Readability controls: Top Nodes and Zoom settings help with crowded datasets.
Tracker Files and Decisions
Tracker fields: owner, remediation option, governance/completion status, due date, plan lane, and notes.
Bind Tracker File: binds a local JSON file handle so updates can be written back to the same file when browser permissions allow.
Import Tracker: loads previously exported/bound JSON state into the current session.
Export Tracker: creates a JSON snapshot of all tracked decisions for sharing or backup.
Refresh-safe behavior: tracker entries are keyed to findings and merged when new CSV files are imported so planning state is retained.
Exports and Handover
Export Decisions CSV: emits analyst decisions in tabular form for remediation teams, PMO tracking, or external reporting.
Report drilldown: recommendation/resource explorer dialogs include export options for focused subsets.

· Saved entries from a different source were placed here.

(* Let $X\subseteq\{0,1\}^n$ be a nonempty set and let $U=\{c_1,\dots,c_m\}\subseteq\mathbb{R}^{n+1}$ be a finite set of scenarios, $c_j=(\tilde c_j,\bar c_j)$ with $\tilde c_j\in\mathbb{R}$, $\bar c_j\in\mathbb{R}^n$, and $f(x)=\max_{j=1,\dots,m}\,\bar c_j^\top x+\tilde c_j$. Assume that all scenarios are perturbed by a continuously distributed random vector in $\mathbb{R}^{m(n+1)}$ with full-dimensional support (i.e. all $m(n+1)$ entries $\tilde c_j,\bar c_j$ are replaced by their perturbed values). Then, with probability one, in each iteration $k$ of Algorithm SD (described in the context) the set $\partial f(x^k)\cap(-\mathcal{N}_{\operatorname{conv}(V^k)}(x^k))$ is a singleton.
   Context: For a convex function $f$, $\partial f(x)$ denotes its subdifferential at $x$. For a convex set $C$ and $x\in C$, $\mathcal{N}_C(x)=\{d\in\mathbb{R}^n: d^\top(y-x)\le 0\ \forall y\in C\}$ is the normal cone of $C$ at $x$. Algorithm SD: pick any $\hat x^0\in X$ and set $V^1=\{\hat x^0\}$. For $k=1,2,\dots$: compute $\alpha^k\in\mathbb{R}^{V^k}_+$ with $\sum_{v\in V^k}\alpha^k_v=1$, the point $x^k=\sum_{v\in V^k}\alpha^k_v v$ minimizing $f$ over $\operatorname{conv}(V^k)$, and a vector $c^k\in\partial f(x^k)\cap(-\mathcal{N}_{\operatorname{conv}(V^k)}(x^k))$ (in this finite case, $(x^k,\alpha^k)$ together with $z^k=f(x^k)$ is obtained as a basic optimal solution of the linear program $\min\{z:\ \bar c_j^\top x+\tilde c_j\le z\ (j=1,\dots,m),\ x=\sum_{v\in V^k}\alpha_v v,\ \alpha\ge 0,\ \sum_{v\in V^k}\alpha_v=1\}$); then compute a minimizer $\hat x^k$ of $\min_{x\in X}(c^k)^\top x$. If $(c^k)^\top\hat x^k\ge (c^k)^\top x^k$, stop and output $x^k$; otherwise set $V^{k+1}:=V^k\cup\{\hat x^k\}$ and continue. *)

theory Defs
  imports "HOL-Probability.Probability"
begin

text \<open>Scenario data: a pair (ct, cb) with ct $ j = tilde c_j and cb $ j = bar c_j.\<close>

definition maxfun :: "real^'m::finite \<Rightarrow> real^'n::finite^'m \<Rightarrow> real^'n \<Rightarrow> real" where
  "maxfun ct cb x = Max ((\<lambda>j. cb $ j \<bullet> x + ct $ j) ` UNIV)"

definition subdiff :: "(real^'n::finite \<Rightarrow> real) \<Rightarrow> real^'n \<Rightarrow> (real^'n) set" where
  "subdiff f x = {g. \<forall>y. f y \<ge> f x + g \<bullet> (y - x)}"

definition normal_cone :: "(real^'n::finite) set \<Rightarrow> real^'n \<Rightarrow> (real^'n) set" where
  "normal_cone C x = {d. \<forall>y\<in>C. d \<bullet> (y - x) \<le> 0}"

definition sd_set :: "real^'m::finite \<Rightarrow> real^'n::finite^'m \<Rightarrow> (real^'n) set \<Rightarrow> real^'n \<Rightarrow> (real^'n) set" where
  "sd_set ct cb V x = subdiff (maxfun ct cb) x \<inter> uminus ` normal_cone (convex hull V) x"

text \<open>A (finite prefix of a) run of Algorithm SD with iterations 1..N:
  V k = V^k, x k = x^k, c k = c^k, xh k = hat x^k (xh 0 = hat x^0).
  For k < N the stopping test failed, so the algorithm continued.\<close>
definition sd_run ::
  "real^'m::finite \<Rightarrow> real^'n::finite^'m \<Rightarrow> (real^'n) set \<Rightarrow> nat \<Rightarrow>
   (nat \<Rightarrow> (real^'n) set) \<Rightarrow> (nat \<Rightarrow> real^'n) \<Rightarrow> (nat \<Rightarrow> real^'n) \<Rightarrow> (nat \<Rightarrow> real^'n) \<Rightarrow> bool" where
  "sd_run ct cb X N V x c xh \<longleftrightarrow>
     xh 0 \<in> X \<and> V 1 = {xh 0} \<and>
     (\<forall>k\<in>{1..N}.
        x k \<in> convex hull (V k) \<and> (\<forall>y\<in>convex hull (V k). maxfun ct cb (x k) \<le> maxfun ct cb y) \<and>
        c k \<in> sd_set ct cb (V k) (x k) \<and>
        xh k \<in> X \<and> (\<forall>y\<in>X. c k \<bullet> xh k \<le> c k \<bullet> y)) \<and>
     (\<forall>k\<in>{1..<N}. c k \<bullet> xh k < c k \<bullet> x k \<and> V (Suc k) = insert (xh k) (V k))"

end

theory Submission
  imports Defs
begin

(* The set in question always contains c^k, so only uniqueness is at stake.  Write x^k as a
   strictly positive convex combination of an affinely independent set T of visited vertices.
   Every element g of the set is a convex combination of the slopes of the scenarios active at x^k,
   and, since -g is normal to conv V^k at a relative interior point of conv T, g is orthogonal to
   the direction space of aff T.  Hence two different elements yield either more than |T| scenarios
   that tie at a point of aff T, or, with at most |T| active scenarios, an affine dependence among
   their slopes projected onto the direction space of aff T.  For each of the finitely many
   configurations (T a set of 0/1 vectors, index sets of scenarios) both events are covered by the
   image of a hyperplane under a differentiable self-map of the scenario space, so they are
   Lebesgue null; an absolutely continuous perturbation avoids them almost surely. *)

section \<open>Negligible sets\<close>

lemma differentiable_vec_lambda:
  fixes F :: "'k::finite \<Rightarrow> 'a::real_normed_vector \<Rightarrow> 'b::euclidean_space"
  assumes "\<And>j. F j differentiable (at z within S)"
  shows "(\<lambda>z. \<chi> j. F j z) differentiable (at z within S)"
proof -
  have "(\<lambda>z. \<chi> j. F j z) = (\<lambda>z. \<Sum>j\<in>UNIV. axis j (F j z))"
    by (auto simp: vec_eq_iff sum_component axis_def if_distrib cong: if_cong)
  moreover have "(\<lambda>z. axis j (F j z)) differentiable (at z within S)" for j
  proof -
    have "linear (axis j :: 'b \<Rightarrow> 'b^'k)"
      by (rule linearI) (auto simp: axis_def vec_eq_iff)
    then have "bounded_linear (axis j :: 'b \<Rightarrow> 'b^'k)"
      by (simp add: linear_conv_bounded_linear)
    then show ?thesis
      using differentiable_chain_within[OF assms bounded_linear_imp_differentiable]
      by (simp add: o_def)
  qed
  ultimately show ?thesis
    by (simp add: differentiable_sum)
qed

lemma differentiable_fst_nth: "(\<lambda>z. fst z $ j) differentiable (at z within S)"
  by (intro bounded_linear_imp_differentiable bounded_linear_compose[OF bounded_linear_vec_nth]
      bounded_linear_fst)

lemma differentiable_snd_nth: "(\<lambda>z. snd z $ j) differentiable (at z within S)"
  by (intro bounded_linear_imp_differentiable bounded_linear_compose[OF bounded_linear_vec_nth]
      bounded_linear_snd)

Operational cadence: recommended cycle is import latest CSV -> merge tracker -> triage changes -> export decision pack.
Performance and Scale Tips
Large files (for example 30MB): start in summary views and narrower filters before opening detail-heavy pages.
Table rendering: backlog rows are paged in chunks; use Load More only when needed.
Topology limits: reduce Resource Nodes for initial map load and zoom in progressively.
Best practice: split giant source exports into logical slices (by subscription or severity) when investigating specific outcomes.